*Data in this exercise*
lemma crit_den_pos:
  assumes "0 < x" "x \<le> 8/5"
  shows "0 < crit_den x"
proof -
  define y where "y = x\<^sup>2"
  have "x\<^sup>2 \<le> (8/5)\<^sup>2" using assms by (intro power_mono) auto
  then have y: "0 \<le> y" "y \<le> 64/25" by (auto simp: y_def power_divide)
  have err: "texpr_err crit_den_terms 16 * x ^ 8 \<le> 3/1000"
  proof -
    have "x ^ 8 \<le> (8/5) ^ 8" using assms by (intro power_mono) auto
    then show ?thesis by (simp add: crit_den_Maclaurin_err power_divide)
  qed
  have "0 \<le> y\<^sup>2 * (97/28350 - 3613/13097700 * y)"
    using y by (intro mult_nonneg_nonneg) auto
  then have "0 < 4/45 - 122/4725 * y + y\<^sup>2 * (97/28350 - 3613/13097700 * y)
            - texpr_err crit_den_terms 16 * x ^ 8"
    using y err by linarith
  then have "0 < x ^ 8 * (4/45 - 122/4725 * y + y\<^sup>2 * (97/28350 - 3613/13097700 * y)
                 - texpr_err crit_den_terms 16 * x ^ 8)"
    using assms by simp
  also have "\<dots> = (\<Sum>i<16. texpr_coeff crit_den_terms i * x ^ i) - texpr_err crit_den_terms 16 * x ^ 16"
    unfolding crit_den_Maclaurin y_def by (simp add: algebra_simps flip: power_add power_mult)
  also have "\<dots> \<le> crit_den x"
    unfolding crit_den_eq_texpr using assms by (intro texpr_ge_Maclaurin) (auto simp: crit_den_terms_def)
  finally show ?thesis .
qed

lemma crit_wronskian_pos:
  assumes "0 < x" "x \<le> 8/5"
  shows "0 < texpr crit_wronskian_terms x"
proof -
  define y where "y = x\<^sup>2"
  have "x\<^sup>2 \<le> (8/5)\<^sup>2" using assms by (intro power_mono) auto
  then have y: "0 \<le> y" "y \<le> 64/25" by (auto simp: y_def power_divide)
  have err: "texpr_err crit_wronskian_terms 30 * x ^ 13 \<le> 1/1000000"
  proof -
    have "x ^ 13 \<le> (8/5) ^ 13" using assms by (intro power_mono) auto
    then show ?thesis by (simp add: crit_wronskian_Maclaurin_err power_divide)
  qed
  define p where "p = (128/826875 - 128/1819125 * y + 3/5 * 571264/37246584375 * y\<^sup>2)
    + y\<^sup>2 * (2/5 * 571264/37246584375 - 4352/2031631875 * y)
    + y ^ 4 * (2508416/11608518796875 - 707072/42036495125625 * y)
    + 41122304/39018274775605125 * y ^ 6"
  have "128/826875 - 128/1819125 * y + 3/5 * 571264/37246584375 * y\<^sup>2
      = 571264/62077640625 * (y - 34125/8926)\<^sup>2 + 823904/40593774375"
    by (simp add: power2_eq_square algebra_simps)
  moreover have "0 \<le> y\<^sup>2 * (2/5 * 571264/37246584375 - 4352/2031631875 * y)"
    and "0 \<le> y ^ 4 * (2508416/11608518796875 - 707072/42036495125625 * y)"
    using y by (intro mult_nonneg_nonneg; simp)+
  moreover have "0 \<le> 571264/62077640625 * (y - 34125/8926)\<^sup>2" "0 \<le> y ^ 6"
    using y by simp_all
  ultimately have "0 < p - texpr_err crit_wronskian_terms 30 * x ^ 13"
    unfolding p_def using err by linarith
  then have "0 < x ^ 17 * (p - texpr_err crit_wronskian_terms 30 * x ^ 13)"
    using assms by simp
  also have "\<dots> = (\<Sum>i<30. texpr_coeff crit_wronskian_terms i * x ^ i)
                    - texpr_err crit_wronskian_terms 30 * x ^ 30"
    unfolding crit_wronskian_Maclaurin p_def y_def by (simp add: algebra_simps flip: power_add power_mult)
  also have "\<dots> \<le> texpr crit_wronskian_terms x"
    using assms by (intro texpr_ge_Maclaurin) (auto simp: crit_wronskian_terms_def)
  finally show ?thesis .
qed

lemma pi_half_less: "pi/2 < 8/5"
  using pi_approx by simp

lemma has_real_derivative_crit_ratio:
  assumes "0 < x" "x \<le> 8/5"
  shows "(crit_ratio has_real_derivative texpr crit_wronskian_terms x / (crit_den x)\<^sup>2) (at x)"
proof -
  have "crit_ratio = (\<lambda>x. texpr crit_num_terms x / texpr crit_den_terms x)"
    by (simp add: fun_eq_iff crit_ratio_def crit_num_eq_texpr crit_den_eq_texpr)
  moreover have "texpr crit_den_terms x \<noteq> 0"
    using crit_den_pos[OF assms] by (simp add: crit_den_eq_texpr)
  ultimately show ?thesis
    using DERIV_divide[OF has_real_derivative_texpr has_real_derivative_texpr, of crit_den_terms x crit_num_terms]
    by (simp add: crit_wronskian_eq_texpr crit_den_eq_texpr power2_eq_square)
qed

*Exercise directions*
What is needed is an exact repetition of all the entries above.

*Answer below*
lemma crit_den_pos:
  assumes "0 < x" "x \<le> 8/5"
  shows "0 < crit_den x"
proof -
  define y where "y = x\<^sup>2"
  have "x\<^sup>2 \<le> (8/5)\<^sup>2" using assms by (intro power_mono) auto
  then have y: "0 \<le> y" "y \<le> 64/25" by (auto simp: y_def power_divide)
  have err: "texpr_err crit_den_terms 16 * x ^ 8 \<le> 3/1000"
  proof -
    have "x ^ 8 \<le> (8/5) ^ 8" using assms by (intro power_mono) auto
    then show ?thesis by (simp add: crit_den_Maclaurin_err power_divide)
  qed
  have "0 \<le> y\<^sup>2 * (97/28350 - 3613/13097700 * y)"
    using y by (intro mult_nonneg_nonneg) auto
  then have "0 < 4/45 - 122/4725 * y + y\<^sup>2 * (97/28350 - 3613/13097700 * y)
            - texpr_err crit_den_terms 16 * x ^ 8"
    using y err by linarith
  then have "0 < x ^ 8 * (4/45 - 122/4725 * y + y\<^sup>2 * (97/28350 - 3613/13097700 * y)
                 - texpr_err crit_den_terms 16 * x ^ 8)"
    using assms by simp
  also have "\<dots> = (\<Sum>i<16. texpr_coeff crit_den_terms i * x ^ i) - texpr_err crit_den_terms 16 * x ^ 16"
    unfolding crit_den_Maclaurin y_def by (simp add: algebra_simps flip: power_add power_mult)
  also have "\<dots> \<le> crit_den x"
    unfolding crit_den_eq_texpr using assms by (intro texpr_ge_Maclaurin) (auto simp: crit_den_terms_def)
  finally show ?thesis .
qed

lemma crit_wronskian_pos:
  assumes "0 < x" "x \<le> 8/5"
  shows "0 < texpr crit_wronskian_terms x"
proof -
  define y where "y = x\<^sup>2"
  have "x\<^sup>2 \<le> (8/5)\<^sup>2" using assms by (intro power_mono) auto
  then have y: "0 \<le> y" "y \<le> 64/25" by (auto simp: y_def power_divide)
  have err: "texpr_err crit_wronskian_terms 30 * x ^ 13 \<le> 1/1000000"
  proof -
    have "x ^ 13 \<le> (8/5) ^ 13" using assms by (intro power_mono) auto
    then show ?thesis by (simp add: crit_wronskian_Maclaurin_err power_divide)
  qed
  define p where "p = (128/826875 - 128/1819125 * y + 3/5 * 571264/37246584375 * y\<^sup>2)
    + y\<^sup>2 * (2/5 * 571264/37246584375 - 4352/2031631875 * y)
    + y ^ 4 * (2508416/11608518796875 - 707072/42036495125625 * y)
    + 41122304/39018274775605125 * y ^ 6"
  have "128/826875 - 128/1819125 * y + 3/5 * 571264/37246584375 * y\<^sup>2
      = 571264/62077640625 * (y - 34125/8926)\<^sup>2 + 823904/40593774375"
    by (simp add: power2_eq_square algebra_simps)
  moreover have "0 \<le> y\<^sup>2 * (2/5 * 571264/37246584375 - 4352/2031631875 * y)"
    and "0 \<le> y ^ 4 * (2508416/11608518796875 - 707072/42036495125625 * y)"
    using y by (intro mult_nonneg_nonneg; simp)+
  moreover have "0 \<le> 571264/62077640625 * (y - 34125/8926)\<^sup>2" "0 \<le> y ^ 6"
    using y by simp_all
  ultimately have "0 < p - texpr_err crit_wronskian_terms 30 * x ^ 13"
    unfolding p_def using err by linarith
  then have "0 < x ^ 17 * (p - texpr_err crit_wronskian_terms 30 * x ^ 13)"
    using assms by simp
  also have "\<dots> = (\<Sum>i<30. texpr_coeff crit_wronskian_terms i * x ^ i)
                    - texpr_err crit_wronskian_terms 30 * x ^ 30"
    unfolding crit_wronskian_Maclaurin p_def y_def by (simp add: algebra_simps flip: power_add power_mult)
  also have "\<dots> \<le> texpr crit_wronskian_terms x"
    using assms by (intro texpr_ge_Maclaurin) (auto simp: crit_wronskian_terms_def)
  finally show ?thesis .
qed

lemma pi_half_less: "pi/2 < 8/5"
  using pi_approx by simp

lemma has_real_derivative_crit_ratio:
  assumes "0 < x" "x \<le> 8/5"
  shows "(crit_ratio has_real_derivative texpr crit_wronskian_terms x / (crit_den x)\<^sup>2) (at x)"
proof -
  have "crit_ratio = (\<lambda>x. texpr crit_num_terms x / texpr crit_den_terms x)"
    by (simp add: fun_eq_iff crit_ratio_def crit_num_eq_texpr crit_den_eq_texpr)
  moreover have "texpr crit_den_terms x \<noteq> 0"
    using crit_den_pos[OF assms] by (simp add: crit_den_eq_texpr)
  ultimately show ?thesis
    using DERIV_divide[OF has_real_derivative_texpr has_real_derivative_texpr, of crit_den_terms x crit_num_terms]
    by (simp add: crit_wronskian_eq_texpr crit_den_eq_texpr power2_eq_square)
qed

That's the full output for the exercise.